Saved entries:
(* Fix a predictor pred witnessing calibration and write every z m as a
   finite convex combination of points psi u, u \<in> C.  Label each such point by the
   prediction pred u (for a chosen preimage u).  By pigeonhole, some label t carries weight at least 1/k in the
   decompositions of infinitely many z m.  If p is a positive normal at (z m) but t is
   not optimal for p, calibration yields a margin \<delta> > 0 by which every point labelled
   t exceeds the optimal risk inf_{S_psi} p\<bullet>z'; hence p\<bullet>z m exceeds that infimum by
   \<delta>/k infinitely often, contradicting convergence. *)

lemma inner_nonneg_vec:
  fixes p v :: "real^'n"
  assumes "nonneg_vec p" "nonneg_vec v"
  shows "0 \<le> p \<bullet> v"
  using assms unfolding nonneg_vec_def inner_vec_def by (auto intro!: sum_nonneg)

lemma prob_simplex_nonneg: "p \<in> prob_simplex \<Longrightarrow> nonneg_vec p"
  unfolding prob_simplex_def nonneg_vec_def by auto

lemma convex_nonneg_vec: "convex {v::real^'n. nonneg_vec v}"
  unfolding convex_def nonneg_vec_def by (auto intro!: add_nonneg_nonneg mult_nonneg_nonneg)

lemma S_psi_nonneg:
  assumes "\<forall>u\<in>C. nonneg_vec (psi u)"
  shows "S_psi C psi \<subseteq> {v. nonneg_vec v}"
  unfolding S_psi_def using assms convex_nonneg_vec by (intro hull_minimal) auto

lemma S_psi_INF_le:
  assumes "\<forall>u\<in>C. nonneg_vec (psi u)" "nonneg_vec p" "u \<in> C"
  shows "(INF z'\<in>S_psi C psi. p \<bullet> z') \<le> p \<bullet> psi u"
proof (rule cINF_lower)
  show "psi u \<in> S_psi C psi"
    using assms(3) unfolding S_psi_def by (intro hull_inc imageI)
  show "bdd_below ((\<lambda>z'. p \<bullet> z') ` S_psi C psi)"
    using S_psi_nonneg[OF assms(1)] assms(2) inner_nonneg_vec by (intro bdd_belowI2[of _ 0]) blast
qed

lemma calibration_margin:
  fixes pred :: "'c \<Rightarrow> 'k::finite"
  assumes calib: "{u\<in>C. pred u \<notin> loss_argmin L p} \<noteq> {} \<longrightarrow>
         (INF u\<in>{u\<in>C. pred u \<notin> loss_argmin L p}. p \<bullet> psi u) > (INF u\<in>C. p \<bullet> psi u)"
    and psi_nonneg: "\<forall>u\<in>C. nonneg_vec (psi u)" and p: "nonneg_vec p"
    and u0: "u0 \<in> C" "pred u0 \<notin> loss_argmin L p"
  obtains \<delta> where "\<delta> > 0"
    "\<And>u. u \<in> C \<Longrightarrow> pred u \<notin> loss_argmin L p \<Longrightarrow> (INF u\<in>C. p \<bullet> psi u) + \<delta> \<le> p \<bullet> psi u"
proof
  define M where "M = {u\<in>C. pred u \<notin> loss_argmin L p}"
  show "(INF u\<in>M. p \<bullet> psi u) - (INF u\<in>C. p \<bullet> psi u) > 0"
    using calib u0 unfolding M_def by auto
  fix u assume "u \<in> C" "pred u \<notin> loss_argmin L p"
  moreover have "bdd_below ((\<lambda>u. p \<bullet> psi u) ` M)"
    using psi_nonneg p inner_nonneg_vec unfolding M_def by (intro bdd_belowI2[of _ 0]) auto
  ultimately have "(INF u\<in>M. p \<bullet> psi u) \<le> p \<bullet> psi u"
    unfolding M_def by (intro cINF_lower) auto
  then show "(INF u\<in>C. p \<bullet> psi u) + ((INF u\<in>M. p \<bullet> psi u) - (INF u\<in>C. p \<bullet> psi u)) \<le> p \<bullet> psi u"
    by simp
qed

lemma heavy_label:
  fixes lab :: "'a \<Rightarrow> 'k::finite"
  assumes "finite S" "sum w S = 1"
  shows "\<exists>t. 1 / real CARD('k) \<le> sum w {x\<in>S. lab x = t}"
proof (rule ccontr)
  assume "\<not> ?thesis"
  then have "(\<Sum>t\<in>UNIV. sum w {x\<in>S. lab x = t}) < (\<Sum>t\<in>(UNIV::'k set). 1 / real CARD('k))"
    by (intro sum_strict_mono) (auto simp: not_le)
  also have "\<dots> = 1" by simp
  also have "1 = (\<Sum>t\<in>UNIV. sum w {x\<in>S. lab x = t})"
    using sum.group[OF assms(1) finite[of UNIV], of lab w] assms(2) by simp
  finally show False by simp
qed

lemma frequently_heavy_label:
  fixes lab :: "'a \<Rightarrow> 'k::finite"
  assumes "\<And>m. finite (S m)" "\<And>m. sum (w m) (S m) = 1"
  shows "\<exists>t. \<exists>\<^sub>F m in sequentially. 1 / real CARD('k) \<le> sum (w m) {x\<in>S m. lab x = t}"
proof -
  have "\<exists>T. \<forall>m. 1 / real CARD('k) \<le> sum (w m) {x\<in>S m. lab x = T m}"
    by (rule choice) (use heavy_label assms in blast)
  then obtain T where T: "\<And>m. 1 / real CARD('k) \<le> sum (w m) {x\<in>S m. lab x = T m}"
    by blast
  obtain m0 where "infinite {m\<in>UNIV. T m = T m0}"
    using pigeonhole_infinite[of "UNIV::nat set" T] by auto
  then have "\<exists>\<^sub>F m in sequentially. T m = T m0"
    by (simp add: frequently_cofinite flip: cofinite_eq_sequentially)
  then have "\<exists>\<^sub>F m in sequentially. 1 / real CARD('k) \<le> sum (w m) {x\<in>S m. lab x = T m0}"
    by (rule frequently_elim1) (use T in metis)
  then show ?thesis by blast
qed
==
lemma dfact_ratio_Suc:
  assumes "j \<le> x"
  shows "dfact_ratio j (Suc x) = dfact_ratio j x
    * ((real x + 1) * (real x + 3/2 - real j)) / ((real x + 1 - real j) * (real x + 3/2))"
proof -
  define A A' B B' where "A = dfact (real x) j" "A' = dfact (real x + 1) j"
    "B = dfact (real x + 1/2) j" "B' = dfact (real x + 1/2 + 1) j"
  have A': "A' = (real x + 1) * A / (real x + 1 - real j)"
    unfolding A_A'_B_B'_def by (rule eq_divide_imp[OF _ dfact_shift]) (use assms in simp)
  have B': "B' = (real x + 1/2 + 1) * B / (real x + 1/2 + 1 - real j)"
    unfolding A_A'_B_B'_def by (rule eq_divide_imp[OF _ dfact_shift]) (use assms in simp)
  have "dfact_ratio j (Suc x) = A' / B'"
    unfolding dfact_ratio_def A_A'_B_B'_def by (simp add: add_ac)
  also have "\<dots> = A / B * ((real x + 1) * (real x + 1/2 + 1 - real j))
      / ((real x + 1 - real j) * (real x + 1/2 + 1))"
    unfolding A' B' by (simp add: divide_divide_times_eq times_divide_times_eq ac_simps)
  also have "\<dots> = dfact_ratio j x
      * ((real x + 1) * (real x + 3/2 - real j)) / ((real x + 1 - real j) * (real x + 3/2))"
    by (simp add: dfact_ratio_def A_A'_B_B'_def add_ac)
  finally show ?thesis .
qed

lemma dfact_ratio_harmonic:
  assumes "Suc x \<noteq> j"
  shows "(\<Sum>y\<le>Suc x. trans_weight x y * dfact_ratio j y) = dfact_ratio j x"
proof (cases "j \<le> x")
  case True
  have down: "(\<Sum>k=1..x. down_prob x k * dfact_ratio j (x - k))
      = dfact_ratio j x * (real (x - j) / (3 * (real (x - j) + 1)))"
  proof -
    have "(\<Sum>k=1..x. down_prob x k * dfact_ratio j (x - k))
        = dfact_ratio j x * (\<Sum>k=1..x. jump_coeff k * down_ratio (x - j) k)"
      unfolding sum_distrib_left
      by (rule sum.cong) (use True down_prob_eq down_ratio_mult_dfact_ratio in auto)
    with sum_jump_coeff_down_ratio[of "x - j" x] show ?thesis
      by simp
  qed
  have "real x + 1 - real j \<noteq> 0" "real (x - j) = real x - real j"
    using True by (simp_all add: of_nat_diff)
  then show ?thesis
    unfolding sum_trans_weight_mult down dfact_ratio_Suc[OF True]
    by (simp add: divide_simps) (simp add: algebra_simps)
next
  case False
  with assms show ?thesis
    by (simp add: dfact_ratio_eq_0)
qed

*What you should do*.
What is needed is the number of lines in these entries that include the word "shows"; please give it alone.

*Response to this task*.
7